(Instructions for the task) What lines of the data include the string "cases"? Copy them all.

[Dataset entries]
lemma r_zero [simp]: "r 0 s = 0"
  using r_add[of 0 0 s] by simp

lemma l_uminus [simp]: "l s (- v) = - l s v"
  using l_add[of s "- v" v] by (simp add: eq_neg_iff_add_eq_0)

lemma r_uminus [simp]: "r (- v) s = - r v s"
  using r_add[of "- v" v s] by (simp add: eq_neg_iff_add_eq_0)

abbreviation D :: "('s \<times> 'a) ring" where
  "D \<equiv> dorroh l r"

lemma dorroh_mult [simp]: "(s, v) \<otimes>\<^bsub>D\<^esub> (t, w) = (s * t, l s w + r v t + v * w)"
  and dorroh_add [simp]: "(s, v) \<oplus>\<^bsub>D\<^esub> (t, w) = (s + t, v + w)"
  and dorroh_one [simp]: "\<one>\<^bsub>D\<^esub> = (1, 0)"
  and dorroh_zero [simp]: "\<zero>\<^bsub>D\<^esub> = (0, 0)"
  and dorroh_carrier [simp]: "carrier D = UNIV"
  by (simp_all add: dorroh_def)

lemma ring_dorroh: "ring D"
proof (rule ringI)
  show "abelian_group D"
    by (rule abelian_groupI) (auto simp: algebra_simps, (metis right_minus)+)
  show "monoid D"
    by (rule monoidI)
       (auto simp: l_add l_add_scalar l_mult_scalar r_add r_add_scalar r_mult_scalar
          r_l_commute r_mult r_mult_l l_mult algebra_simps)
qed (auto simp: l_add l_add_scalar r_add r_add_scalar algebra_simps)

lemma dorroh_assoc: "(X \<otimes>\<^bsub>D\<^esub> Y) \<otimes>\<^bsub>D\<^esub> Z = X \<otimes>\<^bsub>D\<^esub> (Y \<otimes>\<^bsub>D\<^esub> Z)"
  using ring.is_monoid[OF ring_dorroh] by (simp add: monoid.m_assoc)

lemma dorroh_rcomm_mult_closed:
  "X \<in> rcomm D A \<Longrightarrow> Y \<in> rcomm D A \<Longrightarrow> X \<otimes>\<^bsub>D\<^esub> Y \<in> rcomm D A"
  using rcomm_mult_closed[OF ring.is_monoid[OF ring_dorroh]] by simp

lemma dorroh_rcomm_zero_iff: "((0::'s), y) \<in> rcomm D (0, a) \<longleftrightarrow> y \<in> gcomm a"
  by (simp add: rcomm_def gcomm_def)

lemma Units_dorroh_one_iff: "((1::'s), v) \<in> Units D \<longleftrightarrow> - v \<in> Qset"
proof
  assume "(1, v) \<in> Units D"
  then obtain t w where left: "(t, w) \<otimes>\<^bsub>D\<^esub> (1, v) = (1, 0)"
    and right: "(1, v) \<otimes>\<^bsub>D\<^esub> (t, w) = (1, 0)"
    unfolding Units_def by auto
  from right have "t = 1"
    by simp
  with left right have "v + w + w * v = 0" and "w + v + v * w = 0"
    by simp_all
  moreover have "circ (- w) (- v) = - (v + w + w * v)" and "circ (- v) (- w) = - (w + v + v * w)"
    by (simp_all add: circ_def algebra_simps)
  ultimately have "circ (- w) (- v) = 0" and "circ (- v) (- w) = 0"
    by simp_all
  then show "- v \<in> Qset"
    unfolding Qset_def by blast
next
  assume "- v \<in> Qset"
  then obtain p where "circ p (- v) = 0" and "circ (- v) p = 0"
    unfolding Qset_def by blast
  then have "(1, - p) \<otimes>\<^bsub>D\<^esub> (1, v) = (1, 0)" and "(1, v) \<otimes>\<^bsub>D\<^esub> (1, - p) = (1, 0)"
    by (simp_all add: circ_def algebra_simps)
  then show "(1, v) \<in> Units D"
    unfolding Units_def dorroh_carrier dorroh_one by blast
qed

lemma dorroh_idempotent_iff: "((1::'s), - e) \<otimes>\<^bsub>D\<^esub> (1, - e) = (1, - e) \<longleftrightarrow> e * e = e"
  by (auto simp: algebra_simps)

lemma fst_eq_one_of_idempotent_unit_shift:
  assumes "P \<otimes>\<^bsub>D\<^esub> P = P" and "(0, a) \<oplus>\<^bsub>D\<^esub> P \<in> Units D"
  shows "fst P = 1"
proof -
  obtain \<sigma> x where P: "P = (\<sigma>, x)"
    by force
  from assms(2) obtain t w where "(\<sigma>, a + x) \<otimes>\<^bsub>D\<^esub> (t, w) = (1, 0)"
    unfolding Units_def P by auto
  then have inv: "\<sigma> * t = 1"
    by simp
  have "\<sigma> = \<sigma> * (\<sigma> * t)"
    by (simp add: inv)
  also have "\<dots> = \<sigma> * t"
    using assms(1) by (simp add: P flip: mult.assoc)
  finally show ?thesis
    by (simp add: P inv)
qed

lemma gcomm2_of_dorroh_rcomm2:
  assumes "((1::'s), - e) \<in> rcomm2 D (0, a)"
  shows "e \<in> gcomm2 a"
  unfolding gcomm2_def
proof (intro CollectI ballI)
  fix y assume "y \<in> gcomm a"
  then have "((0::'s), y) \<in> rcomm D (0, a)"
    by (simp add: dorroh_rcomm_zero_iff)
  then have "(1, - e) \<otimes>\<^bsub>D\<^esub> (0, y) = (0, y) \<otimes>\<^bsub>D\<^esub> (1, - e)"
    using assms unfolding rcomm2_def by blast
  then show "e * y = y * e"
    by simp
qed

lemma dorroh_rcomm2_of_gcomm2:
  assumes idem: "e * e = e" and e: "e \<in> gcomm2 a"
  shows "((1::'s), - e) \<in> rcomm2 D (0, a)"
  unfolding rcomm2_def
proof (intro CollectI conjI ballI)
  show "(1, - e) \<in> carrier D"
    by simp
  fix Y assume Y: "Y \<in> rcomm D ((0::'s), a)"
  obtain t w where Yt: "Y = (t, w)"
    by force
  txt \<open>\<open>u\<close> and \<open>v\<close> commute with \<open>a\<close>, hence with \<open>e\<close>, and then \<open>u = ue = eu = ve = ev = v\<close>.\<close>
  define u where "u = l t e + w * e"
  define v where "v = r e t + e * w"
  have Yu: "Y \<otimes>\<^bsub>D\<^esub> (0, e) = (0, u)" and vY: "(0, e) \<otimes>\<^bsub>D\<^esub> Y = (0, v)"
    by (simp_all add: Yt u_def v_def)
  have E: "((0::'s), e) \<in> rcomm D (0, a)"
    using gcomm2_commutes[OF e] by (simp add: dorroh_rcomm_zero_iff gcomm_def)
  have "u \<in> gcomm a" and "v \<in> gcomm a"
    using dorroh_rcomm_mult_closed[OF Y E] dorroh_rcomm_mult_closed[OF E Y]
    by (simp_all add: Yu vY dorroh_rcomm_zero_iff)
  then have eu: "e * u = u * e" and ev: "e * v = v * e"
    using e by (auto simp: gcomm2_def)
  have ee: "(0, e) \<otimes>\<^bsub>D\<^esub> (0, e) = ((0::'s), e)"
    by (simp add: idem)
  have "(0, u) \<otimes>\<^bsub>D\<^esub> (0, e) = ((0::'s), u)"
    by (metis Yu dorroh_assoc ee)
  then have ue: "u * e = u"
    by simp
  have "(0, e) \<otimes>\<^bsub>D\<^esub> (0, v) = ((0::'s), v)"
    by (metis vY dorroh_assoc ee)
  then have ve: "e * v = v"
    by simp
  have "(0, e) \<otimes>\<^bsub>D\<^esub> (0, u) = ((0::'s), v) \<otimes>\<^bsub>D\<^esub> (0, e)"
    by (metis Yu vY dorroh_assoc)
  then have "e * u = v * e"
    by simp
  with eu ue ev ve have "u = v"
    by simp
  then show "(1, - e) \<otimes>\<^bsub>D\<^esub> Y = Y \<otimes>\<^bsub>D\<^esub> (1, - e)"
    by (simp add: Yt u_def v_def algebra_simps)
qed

--

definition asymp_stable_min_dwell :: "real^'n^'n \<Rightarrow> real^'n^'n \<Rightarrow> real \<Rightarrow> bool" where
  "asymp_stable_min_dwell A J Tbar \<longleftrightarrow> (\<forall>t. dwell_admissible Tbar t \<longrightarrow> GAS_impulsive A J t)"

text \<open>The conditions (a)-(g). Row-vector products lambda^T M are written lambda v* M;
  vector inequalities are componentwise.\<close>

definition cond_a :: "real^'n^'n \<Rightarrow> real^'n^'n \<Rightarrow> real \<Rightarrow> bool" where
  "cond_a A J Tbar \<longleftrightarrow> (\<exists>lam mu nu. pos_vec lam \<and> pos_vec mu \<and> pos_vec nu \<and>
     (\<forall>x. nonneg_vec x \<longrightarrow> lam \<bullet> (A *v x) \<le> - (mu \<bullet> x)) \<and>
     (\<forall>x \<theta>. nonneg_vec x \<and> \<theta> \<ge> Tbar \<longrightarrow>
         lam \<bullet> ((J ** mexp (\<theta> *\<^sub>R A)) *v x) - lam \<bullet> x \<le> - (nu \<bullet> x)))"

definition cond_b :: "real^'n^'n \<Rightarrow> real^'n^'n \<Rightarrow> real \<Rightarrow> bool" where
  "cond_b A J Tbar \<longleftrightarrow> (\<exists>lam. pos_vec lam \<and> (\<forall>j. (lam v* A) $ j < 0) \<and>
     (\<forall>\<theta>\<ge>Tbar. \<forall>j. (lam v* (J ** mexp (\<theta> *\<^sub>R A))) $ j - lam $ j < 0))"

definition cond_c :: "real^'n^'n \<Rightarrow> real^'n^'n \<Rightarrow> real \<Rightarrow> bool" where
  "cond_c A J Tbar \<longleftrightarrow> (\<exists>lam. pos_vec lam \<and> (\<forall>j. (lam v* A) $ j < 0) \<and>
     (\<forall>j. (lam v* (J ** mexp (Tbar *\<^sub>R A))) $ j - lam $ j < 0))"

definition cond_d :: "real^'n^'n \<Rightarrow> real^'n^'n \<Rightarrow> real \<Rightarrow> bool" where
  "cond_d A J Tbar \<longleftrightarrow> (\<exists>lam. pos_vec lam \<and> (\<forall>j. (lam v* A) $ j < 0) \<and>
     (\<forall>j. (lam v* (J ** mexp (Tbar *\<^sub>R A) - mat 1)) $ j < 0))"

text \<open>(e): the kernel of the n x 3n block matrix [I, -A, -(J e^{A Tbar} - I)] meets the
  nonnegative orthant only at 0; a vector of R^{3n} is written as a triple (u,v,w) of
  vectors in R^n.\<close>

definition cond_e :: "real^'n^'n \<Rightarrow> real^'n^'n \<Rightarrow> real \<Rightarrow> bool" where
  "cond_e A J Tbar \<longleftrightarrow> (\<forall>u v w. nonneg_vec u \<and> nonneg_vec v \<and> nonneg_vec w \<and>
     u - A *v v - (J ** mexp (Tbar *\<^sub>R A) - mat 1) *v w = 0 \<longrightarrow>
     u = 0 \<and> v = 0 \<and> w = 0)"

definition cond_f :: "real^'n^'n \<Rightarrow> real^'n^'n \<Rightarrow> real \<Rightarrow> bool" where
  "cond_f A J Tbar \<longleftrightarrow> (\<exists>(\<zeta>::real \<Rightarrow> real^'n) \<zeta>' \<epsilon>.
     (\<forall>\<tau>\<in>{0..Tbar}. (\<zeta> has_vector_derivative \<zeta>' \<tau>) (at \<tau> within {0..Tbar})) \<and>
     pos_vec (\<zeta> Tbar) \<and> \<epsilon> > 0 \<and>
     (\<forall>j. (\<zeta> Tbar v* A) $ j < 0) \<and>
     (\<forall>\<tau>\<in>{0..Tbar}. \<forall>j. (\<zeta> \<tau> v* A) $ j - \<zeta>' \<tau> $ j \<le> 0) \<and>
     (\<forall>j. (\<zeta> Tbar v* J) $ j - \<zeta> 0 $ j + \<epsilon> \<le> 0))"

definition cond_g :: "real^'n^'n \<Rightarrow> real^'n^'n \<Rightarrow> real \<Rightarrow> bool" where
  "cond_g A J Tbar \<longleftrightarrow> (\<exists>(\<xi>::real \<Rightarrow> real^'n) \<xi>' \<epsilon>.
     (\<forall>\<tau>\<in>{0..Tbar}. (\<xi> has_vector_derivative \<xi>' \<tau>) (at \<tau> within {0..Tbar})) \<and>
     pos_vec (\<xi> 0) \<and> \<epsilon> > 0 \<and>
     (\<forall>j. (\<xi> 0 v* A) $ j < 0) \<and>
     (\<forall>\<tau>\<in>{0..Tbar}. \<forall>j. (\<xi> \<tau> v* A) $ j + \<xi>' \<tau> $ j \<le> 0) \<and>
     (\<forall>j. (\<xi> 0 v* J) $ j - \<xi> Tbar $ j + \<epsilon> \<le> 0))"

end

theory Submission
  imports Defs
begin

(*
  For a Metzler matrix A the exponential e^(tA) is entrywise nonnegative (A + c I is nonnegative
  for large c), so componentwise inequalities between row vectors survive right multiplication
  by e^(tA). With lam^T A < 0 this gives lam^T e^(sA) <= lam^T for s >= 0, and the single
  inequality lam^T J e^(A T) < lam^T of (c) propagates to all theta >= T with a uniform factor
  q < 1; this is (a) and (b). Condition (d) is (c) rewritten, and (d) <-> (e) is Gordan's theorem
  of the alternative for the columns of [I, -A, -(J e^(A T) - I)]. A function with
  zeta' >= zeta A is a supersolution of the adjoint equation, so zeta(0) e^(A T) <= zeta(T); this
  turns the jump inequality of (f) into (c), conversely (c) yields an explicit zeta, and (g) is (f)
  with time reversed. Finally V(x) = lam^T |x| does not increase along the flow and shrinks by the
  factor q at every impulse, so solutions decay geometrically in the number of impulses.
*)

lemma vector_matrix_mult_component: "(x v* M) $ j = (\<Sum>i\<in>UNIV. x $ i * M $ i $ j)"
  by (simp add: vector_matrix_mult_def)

---

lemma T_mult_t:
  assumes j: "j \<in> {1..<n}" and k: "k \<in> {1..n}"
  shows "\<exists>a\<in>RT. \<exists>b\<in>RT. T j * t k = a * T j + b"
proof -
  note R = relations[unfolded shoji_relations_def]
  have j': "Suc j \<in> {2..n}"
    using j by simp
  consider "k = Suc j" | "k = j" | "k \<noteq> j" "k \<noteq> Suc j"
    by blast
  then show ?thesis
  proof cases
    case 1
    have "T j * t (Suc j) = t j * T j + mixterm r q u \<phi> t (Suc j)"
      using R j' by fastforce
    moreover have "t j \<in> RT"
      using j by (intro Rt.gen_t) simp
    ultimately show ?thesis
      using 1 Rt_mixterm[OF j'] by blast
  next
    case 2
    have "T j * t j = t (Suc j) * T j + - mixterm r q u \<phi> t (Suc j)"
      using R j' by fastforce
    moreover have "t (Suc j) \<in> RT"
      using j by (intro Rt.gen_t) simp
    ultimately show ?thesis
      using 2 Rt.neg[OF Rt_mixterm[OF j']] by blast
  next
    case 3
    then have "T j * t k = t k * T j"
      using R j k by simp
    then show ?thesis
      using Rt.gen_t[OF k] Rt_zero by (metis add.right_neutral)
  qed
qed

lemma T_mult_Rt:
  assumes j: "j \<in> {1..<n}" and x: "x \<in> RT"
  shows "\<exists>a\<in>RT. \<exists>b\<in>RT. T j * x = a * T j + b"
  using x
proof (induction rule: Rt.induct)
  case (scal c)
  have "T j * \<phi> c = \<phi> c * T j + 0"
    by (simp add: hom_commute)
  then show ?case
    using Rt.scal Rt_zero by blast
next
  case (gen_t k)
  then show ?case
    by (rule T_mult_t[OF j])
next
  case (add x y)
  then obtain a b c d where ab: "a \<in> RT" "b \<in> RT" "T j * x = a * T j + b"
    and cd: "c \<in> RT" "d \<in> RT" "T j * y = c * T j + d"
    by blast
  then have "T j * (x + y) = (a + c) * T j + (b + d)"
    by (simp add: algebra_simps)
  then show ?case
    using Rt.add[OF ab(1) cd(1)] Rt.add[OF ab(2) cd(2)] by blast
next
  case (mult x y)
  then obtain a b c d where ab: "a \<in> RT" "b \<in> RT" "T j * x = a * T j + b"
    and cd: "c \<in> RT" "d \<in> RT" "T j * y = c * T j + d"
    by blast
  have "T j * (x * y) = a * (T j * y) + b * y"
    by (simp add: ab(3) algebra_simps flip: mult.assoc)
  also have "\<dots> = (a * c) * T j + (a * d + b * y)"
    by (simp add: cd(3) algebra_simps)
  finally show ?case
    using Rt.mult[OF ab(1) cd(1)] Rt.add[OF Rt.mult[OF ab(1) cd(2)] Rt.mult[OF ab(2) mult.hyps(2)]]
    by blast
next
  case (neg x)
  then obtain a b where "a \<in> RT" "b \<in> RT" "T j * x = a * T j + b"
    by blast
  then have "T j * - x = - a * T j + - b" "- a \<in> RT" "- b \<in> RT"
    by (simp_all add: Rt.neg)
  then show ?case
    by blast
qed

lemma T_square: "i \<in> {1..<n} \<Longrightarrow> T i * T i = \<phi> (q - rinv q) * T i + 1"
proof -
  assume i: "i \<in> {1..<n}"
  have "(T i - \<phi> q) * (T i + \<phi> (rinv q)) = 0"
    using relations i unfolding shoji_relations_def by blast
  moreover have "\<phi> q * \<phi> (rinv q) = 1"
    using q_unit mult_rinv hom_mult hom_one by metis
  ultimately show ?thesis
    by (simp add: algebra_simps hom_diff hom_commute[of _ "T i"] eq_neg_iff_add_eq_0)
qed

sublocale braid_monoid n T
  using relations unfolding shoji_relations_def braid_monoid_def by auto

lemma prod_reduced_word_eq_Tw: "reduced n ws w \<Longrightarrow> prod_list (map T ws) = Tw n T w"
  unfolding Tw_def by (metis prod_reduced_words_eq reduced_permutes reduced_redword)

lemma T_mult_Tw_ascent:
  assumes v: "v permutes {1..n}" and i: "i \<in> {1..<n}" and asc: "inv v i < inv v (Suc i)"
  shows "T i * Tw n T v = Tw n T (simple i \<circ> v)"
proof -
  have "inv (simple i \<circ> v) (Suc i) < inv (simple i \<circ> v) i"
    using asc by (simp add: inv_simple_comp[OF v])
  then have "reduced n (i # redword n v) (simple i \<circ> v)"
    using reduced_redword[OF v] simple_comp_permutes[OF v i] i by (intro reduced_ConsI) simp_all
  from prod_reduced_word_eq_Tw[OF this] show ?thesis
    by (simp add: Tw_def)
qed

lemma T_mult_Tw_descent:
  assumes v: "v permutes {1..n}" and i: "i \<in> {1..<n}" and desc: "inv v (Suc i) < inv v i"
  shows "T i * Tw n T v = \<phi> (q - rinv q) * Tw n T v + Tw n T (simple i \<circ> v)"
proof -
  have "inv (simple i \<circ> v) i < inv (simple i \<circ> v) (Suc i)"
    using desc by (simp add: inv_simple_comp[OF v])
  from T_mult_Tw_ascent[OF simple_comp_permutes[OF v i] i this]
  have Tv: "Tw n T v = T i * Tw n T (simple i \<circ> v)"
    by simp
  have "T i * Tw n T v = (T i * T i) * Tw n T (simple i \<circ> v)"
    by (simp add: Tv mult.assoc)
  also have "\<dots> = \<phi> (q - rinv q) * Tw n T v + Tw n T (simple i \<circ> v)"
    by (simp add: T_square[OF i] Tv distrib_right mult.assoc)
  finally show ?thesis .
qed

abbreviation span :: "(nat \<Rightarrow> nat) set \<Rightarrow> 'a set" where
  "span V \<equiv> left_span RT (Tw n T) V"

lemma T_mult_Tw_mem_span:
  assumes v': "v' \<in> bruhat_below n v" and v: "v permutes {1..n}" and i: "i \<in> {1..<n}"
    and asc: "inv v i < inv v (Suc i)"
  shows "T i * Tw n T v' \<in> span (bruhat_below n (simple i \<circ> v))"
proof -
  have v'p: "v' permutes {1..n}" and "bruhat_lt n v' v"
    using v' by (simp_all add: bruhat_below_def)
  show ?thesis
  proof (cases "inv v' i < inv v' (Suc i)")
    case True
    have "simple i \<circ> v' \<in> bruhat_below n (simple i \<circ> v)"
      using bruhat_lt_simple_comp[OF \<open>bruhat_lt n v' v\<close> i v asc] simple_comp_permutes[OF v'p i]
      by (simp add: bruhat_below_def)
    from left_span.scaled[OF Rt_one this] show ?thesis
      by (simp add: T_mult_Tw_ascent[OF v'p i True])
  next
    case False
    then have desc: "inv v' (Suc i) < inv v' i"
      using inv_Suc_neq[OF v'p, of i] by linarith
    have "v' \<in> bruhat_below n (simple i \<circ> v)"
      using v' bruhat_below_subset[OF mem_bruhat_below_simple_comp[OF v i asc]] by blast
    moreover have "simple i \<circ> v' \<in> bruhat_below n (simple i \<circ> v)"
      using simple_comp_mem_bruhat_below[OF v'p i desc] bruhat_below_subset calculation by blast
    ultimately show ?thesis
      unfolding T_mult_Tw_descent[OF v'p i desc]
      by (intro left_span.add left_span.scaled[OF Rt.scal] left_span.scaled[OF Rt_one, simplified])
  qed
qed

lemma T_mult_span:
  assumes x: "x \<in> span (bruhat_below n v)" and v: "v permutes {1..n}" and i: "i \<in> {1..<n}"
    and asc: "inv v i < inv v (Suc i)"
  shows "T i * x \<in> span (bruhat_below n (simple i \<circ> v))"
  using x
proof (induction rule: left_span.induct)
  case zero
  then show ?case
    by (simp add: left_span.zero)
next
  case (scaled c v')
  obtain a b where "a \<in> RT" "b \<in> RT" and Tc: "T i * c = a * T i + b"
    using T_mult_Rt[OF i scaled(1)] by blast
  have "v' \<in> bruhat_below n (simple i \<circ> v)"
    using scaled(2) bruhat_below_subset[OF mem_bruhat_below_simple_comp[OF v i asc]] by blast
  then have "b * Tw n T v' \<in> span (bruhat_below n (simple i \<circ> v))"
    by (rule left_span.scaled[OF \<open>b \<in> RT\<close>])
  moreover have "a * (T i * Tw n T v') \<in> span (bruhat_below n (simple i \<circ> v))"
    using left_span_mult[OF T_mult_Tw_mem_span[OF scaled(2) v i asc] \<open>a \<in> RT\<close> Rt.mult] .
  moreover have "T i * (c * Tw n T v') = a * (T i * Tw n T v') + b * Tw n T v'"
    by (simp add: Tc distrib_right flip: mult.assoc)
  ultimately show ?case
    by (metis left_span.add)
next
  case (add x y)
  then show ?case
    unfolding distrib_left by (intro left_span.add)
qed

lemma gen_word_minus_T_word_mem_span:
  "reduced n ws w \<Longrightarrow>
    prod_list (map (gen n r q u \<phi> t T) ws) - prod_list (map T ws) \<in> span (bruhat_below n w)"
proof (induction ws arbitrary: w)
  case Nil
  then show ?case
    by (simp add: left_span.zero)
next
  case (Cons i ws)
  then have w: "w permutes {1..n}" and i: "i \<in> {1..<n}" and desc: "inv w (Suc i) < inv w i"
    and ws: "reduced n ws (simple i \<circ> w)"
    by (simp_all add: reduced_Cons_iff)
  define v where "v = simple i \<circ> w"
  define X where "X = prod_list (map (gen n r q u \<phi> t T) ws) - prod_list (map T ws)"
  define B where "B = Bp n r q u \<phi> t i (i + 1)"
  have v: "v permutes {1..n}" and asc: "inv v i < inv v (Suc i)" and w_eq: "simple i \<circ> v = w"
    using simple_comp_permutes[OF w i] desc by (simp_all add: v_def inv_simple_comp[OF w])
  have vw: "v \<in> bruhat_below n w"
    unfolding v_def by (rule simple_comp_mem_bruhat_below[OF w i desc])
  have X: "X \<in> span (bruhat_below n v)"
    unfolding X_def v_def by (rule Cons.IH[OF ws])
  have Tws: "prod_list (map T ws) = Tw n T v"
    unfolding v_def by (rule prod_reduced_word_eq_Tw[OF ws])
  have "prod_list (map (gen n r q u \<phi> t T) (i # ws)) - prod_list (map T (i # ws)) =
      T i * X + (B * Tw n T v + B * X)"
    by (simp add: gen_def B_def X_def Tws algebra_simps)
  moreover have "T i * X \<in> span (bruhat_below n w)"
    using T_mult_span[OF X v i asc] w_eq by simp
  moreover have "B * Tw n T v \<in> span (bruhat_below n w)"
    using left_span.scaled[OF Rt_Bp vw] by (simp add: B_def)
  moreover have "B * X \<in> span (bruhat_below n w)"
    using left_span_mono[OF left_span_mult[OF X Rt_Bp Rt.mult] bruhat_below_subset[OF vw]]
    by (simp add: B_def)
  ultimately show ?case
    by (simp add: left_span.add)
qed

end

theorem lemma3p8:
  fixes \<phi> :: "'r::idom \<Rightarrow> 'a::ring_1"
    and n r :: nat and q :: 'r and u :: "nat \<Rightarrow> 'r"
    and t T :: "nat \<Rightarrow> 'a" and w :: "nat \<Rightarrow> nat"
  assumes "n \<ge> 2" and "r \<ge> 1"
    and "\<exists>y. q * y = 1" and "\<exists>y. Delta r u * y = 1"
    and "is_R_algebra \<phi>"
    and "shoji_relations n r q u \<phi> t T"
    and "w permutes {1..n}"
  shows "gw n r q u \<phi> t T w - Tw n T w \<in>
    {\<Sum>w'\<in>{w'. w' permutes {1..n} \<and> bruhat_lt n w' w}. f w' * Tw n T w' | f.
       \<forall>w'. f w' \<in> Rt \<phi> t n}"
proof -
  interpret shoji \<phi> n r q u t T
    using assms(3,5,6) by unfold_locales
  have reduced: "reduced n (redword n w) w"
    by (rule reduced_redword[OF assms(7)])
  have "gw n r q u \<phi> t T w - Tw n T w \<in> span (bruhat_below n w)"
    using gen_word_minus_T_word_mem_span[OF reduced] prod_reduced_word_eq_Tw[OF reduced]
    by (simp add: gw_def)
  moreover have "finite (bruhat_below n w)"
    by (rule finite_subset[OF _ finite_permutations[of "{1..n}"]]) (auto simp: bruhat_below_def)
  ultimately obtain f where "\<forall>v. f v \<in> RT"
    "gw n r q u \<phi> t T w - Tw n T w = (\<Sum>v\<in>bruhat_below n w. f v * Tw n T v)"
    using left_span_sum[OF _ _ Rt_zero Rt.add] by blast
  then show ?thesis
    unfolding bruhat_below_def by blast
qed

(Written response)
  proof cases
  proof (cases "inv v' i < inv v' (Suc i)")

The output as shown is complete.